Quote every line from the top of the listing down to and including the line that contains "by (rule mirror_involution_delete_vertices)".

** Opening GIVEN INFORMATION block **

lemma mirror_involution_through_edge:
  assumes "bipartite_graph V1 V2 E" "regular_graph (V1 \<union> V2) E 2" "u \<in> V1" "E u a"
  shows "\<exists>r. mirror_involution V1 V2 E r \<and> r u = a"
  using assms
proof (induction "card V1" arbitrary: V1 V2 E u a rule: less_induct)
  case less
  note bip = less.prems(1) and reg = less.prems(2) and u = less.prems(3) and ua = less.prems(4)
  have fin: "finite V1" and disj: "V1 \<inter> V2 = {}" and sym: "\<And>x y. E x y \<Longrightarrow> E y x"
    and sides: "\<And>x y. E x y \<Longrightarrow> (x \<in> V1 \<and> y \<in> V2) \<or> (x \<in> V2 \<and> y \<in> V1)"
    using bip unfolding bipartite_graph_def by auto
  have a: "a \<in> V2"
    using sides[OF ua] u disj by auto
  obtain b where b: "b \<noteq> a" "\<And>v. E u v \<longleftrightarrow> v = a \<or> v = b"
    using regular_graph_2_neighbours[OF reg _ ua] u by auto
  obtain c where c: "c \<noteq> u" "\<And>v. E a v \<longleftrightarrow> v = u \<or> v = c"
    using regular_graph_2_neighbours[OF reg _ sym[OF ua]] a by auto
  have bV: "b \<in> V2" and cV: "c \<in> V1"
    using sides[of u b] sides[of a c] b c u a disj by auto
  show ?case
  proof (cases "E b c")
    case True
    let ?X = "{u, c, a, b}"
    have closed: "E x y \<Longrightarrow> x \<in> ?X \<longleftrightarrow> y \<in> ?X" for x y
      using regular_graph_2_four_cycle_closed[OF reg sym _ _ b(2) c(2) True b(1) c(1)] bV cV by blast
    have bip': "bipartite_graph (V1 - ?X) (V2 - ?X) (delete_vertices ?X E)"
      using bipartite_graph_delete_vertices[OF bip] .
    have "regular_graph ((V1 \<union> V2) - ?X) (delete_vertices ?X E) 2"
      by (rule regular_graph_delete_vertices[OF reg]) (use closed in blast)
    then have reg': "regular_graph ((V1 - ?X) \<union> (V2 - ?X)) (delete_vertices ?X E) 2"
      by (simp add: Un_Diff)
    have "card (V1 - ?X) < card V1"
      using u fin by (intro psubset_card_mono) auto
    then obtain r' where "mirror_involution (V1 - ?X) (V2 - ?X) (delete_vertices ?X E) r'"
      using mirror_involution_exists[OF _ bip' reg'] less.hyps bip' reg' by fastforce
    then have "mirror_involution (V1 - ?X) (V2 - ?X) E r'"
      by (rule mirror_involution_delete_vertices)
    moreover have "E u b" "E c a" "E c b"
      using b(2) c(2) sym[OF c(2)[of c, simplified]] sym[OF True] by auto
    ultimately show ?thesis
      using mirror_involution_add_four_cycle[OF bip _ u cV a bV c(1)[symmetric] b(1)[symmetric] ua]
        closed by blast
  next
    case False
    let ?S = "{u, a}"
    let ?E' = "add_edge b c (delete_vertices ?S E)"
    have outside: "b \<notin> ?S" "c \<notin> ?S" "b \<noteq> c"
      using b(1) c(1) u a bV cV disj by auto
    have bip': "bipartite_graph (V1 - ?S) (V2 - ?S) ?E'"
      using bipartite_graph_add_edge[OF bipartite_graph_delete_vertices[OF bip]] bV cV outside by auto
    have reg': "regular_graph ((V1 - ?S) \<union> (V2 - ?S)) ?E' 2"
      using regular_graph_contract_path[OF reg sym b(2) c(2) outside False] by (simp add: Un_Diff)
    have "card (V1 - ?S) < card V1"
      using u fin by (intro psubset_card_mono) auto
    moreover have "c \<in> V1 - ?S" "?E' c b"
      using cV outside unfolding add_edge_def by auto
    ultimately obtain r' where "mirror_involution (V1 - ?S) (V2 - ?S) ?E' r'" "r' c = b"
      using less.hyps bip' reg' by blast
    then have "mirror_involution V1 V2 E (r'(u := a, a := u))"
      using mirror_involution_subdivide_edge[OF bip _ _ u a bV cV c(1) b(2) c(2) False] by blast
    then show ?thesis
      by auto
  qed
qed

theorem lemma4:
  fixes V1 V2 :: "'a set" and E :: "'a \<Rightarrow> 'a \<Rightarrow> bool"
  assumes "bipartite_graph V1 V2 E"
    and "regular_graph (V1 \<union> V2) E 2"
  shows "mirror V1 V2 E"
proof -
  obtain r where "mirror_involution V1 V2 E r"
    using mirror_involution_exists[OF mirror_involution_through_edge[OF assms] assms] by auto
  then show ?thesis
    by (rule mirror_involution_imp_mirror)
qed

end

** Closing GIVEN INFORMATION block **

EXERCISE ANSWER
lemma mirror_involution_through_edge:
  assumes "bipartite_graph V1 V2 E" "regular_graph (V1 \<union> V2) E 2" "u \<in> V1" "E u a"
  shows "\<exists>r. mirror_involution V1 V2 E r \<and> r u = a"
  using assms
proof (induction "card V1" arbitrary: V1 V2 E u a rule: less_induct)
  case less
  note bip = less.prems(1) and reg = less.prems(2) and u = less.prems(3) and ua = less.prems(4)
  have fin: "finite V1" and disj: "V1 \<inter> V2 = {}" and sym: "\<And>x y. E x y \<Longrightarrow> E y x"
    and sides: "\<And>x y. E x y \<Longrightarrow> (x \<in> V1 \<and> y \<in> V2) \<or> (x \<in> V2 \<and> y \<in> V1)"
    using bip unfolding bipartite_graph_def by auto
  have a: "a \<in> V2"
    using sides[OF ua] u disj by auto
  obtain b where b: "b \<noteq> a" "\<And>v. E u v \<longleftrightarrow> v = a \<or> v = b"
    using regular_graph_2_neighbours[OF reg _ ua] u by auto
  obtain c where c: "c \<noteq> u" "\<And>v. E a v \<longleftrightarrow> v = u \<or> v = c"
    using regular_graph_2_neighbours[OF reg _ sym[OF ua]] a by auto
  have bV: "b \<in> V2" and cV: "c \<in> V1"
    using sides[of u b] sides[of a c] b c u a disj by auto
  show ?case
  proof (cases "E b c")
    case True
    let ?X = "{u, c, a, b}"
    have closed: "E x y \<Longrightarrow> x \<in> ?X \<longleftrightarrow> y \<in> ?X" for x y
      using regular_graph_2_four_cycle_closed[OF reg sym _ _ b(2) c(2) True b(1) c(1)] bV cV by blast
    have bip': "bipartite_graph (V1 - ?X) (V2 - ?X) (delete_vertices ?X E)"
      using bipartite_graph_delete_vertices[OF bip] .
    have "regular_graph ((V1 \<union> V2) - ?X) (delete_vertices ?X E) 2"
      by (rule regular_graph_delete_vertices[OF reg]) (use closed in blast)
    then have reg': "regular_graph ((V1 - ?X) \<union> (V2 - ?X)) (delete_vertices ?X E) 2"
      by (simp add: Un_Diff)
    have "card (V1 - ?X) < card V1"
      using u fin by (intro psubset_card_mono) auto
    then obtain r' where "mirror_involution (V1 - ?X) (V2 - ?X) (delete_vertices ?X E) r'"
      using mirror_involution_exists[OF _ bip' reg'] less.hyps bip' reg' by fastforce
    then have "mirror_involution (V1 - ?X) (V2 - ?X) E r'"
      by (rule mirror_involution_delete_vertices)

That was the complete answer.